lemma family_encoding_injective:
  assumes "answers_fd_queries (card nodes) (a + b + 1) family enc q"
  shows "inj_on (\<lambda>S. enc (graph S {})) (Pow bits)"
proof -
  have distinct: "enc (graph S1 {}) \<noteq> enc (graph S2 {})"
    if "S1 \<subseteq> bits" "S2 \<subseteq> bits" "(i, j) \<in> S1 - S2" for S1 S2 i j
  proof -
    let ?e = "(enum (Row i a), enum (Col j 0))"
    have ij: "(i, j) \<in> bits"
      using that by blast
    have "diam (card nodes) (graph S1 {} - {?e}) = enat (a + b + 1)"
      using diam_graph_intact[of "{(i, j)}" S1] that unfolding graph_delete_cross[OF ij] by simp
    then have "q (enc (graph S1 {})) ?e"
      using assms cross_edge_in_graph[OF ij] that(1)
      unfolding answers_fd_queries_def family_def by blast
    moreover have "diam (card nodes) (graph S2 {} - {?e}) = enat (fd_target (a + b + 1))"
      using diam_graph_cut[of i j S2] that ij unfolding graph_delete_cross[OF ij] fd_target_instance by simp
    then have "\<not> q (enc (graph S2 {})) ?e"
      using assms cross_edge_in_graph[OF ij] that(2)
      unfolding answers_fd_queries_def family_def by blast
    ultimately show ?thesis
      by metis
  qed
  show ?thesis
  proof (rule inj_onI)
    fix S1 S2
    assume "S1 \<in> Pow bits" "S2 \<in> Pow bits" "enc (graph S1 {}) = enc (graph S2 {})"
    then show "S1 = S2"
      using distinct[of S1 S2] distinct[of S2 S1] by (metis Diff_iff PowD prod.collapse subset_antisym subsetI)
  qed
qed

lemma family_encoding_long:
  assumes "answers_fd_queries (card nodes) (a + b + 1) family enc q"
  shows "\<exists>E \<in> family. k * k \<le> length (enc E)"
  using injective_code_long[OF _ family_encoding_injective[OF assms]] card_bits
  unfolding family_def bits_def by auto

end

section \<open>Choice of the parameters\<close>

lemma side_length_bounds:
  fixes s m n D :: nat
  assumes "3 \<le> s" "3 \<le> D" "s * s \<le> m" "m < (s + 1) * (s + 1)" "D * s < n"
  defines "k \<equiv> (s + 1) div 2"
  shows "2 \<le> k" "k * k \<le> m" "m \<le> 8 * (k * k)" "k * (D + 1) + (D - 1) div 2 \<le> n"
proof -
  have k: "2 \<le> k" "k \<le> s" "s \<le> 2 * k" "2 * k \<le> s + 1"
    using assms(1) unfolding k_def by presburger+
  show "2 \<le> k"
    by (fact k(1))
  show "k * k \<le> m"
    using mult_le_mono[OF k(2) k(2)] assms(3) by linarith
  have "(s + 1) * (s + 1) \<le> (2 * k + 1) * (2 * k + 1)"
    using k(3) by (intro mult_mono) auto
  moreover have "(2 * k + 1) * (2 * k + 1) \<le> 8 * (k * k)"
  proof -
    have "2 * k \<le> k * k"
      using mult_le_mono1[OF k(1), of k] by simp
    moreover have "(2 * k + 1) * (2 * k + 1) = 4 * (k * k) + 4 * k + 1"
      by (simp add: algebra_simps)
    ultimately show ?thesis
      using k(1) by linarith
  qed
  ultimately show "m \<le> 8 * (k * k)"
    using assms(4) by linarith
  obtain s' D' where s': "s = s' + 3" and D': "D = D' + 3"
    using assms(1,2) by (metis add.commute le_Suc_ex)
  have "2 * k * (D + 1) \<le> (s + 1) * (D + 1)"
    using k(4) by (intro mult_right_mono) auto
  moreover have "(s + 1) * (D + 1) + (D - 1) \<le> 2 * (D * s)"
    unfolding s' D' by (simp add: algebra_simps)
  moreover have "2 * ((D - 1) div 2) \<le> D - 1"
    by simp
  ultimately have "2 * (k * (D + 1) + (D - 1) div 2) \<le> 2 * (D * s)"
    by (simp add: algebra_simps)
  then have "k * (D + 1) + (D - 1) div 2 \<le> D * s"
    by simp
  with assms(5) show "k * (D + 1) + (D - 1) div 2 \<le> n"
    by simp
qed

lemma side_length_exists:
  fixes n m D :: nat
  assumes "n \<le> m" "3 \<le> D" "real D < real n / sqrt (real m)"
  obtains k where "2 \<le> k" "k * k \<le> m" "m \<le> 8 * (k * k)" "k * (D + 1) + (D - 1) div 2 \<le> n"
proof -
  have "m \<noteq> 0"
    using assms(2,3) by (cases "m = 0") auto
  then have sqrt_pos: "0 < sqrt (real m)"
    by simp
  have D_sqrt: "real D * sqrt (real m) < real n"
    using assms(3) sqrt_pos by (simp add: less_divide_eq)
  define s where "s = floor_sqrt m"
  have s_sq: "s * s \<le> m" "m < (s + 1) * (s + 1)"
    using floor_sqrt_power2_le[of m] Suc_floor_sqrt_power2_gt[of m]
    unfolding s_def by (simp_all add: power2_eq_square)
  have "real s \<le> sqrt (real m)"
    using s_sq(1) by (intro real_le_rsqrt) (simp add: power2_eq_square flip: of_nat_mult)
  then have "real D * real s < real n"
    using D_sqrt by (meson mult_left_mono of_nat_0_le_iff order_le_less_trans)
  then have Ds: "D * s < n"
    by (simp flip: of_nat_mult)
  have "3 * sqrt (real m) < sqrt (real m) * sqrt (real m)"
  proof -
    have "3 * sqrt (real m) \<le> real D * sqrt (real m)"
      using assms(2) sqrt_pos by (intro mult_right_mono) auto
    also have "\<dots> < real m"
      using D_sqrt assms(1) by linarith
    finally show ?thesis
      by simp
  qed
  then have "3 < sqrt (real m)"
    using mult_less_cancel_right_pos[OF sqrt_pos] by blast
  then have "3 * 3 < sqrt (real m) * sqrt (real m)"
    using sqrt_pos by (intro mult_strict_mono) auto
  then have "9 < m"
    by simp
  have "3 \<le> s"
  proof (rule ccontr)
    assume "\<not> 3 \<le> s"
    then have "(s + 1) * (s + 1) \<le> 3 * 3"
      by (intro mult_mono) auto
    with s_sq(2) \<open>9 < m\<close> show False
      by simp
  qed
  from side_length_bounds[OF this assms(2) s_sq Ds] that show ?thesis
    by blast
qed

========================================================================

EXERCISE AIM.
Above are the records; copy exactly the lines from the line with "(s + 1) \<le> (2" through the line with "(D - 1) \<le> 2", both included.

ANSWER FOR THIS EXERCISE.
  have "(s + 1) * (s + 1) \<le> (2 * k + 1) * (2 * k + 1)"
    using k(3) by (intro mult_mono) auto
  moreover have "(2 * k + 1) * (2 * k + 1) \<le> 8 * (k * k)"
  proof -
    have "2 * k \<le> k * k"
      using mult_le_mono1[OF k(1), of k] by simp
    moreover have "(2 * k + 1) * (2 * k + 1) = 4 * (k * k) + 4 * k + 1"
      by (simp add: algebra_simps)
    ultimately show ?thesis
      using k(1) by linarith
  qed
  ultimately show "m \<le> 8 * (k * k)"
    using assms(4) by linarith
  obtain s' D' where s': "s = s' + 3" and D': "D = D' + 3"
    using assms(1,2) by (metis add.commute le_Suc_ex)
  have "2 * k * (D + 1) \<le> (s + 1) * (D + 1)"
    using k(4) by (intro mult_right_mono) auto
  moreover have "(s + 1) * (D + 1) + (D - 1) \<le> 2 * (D * s)"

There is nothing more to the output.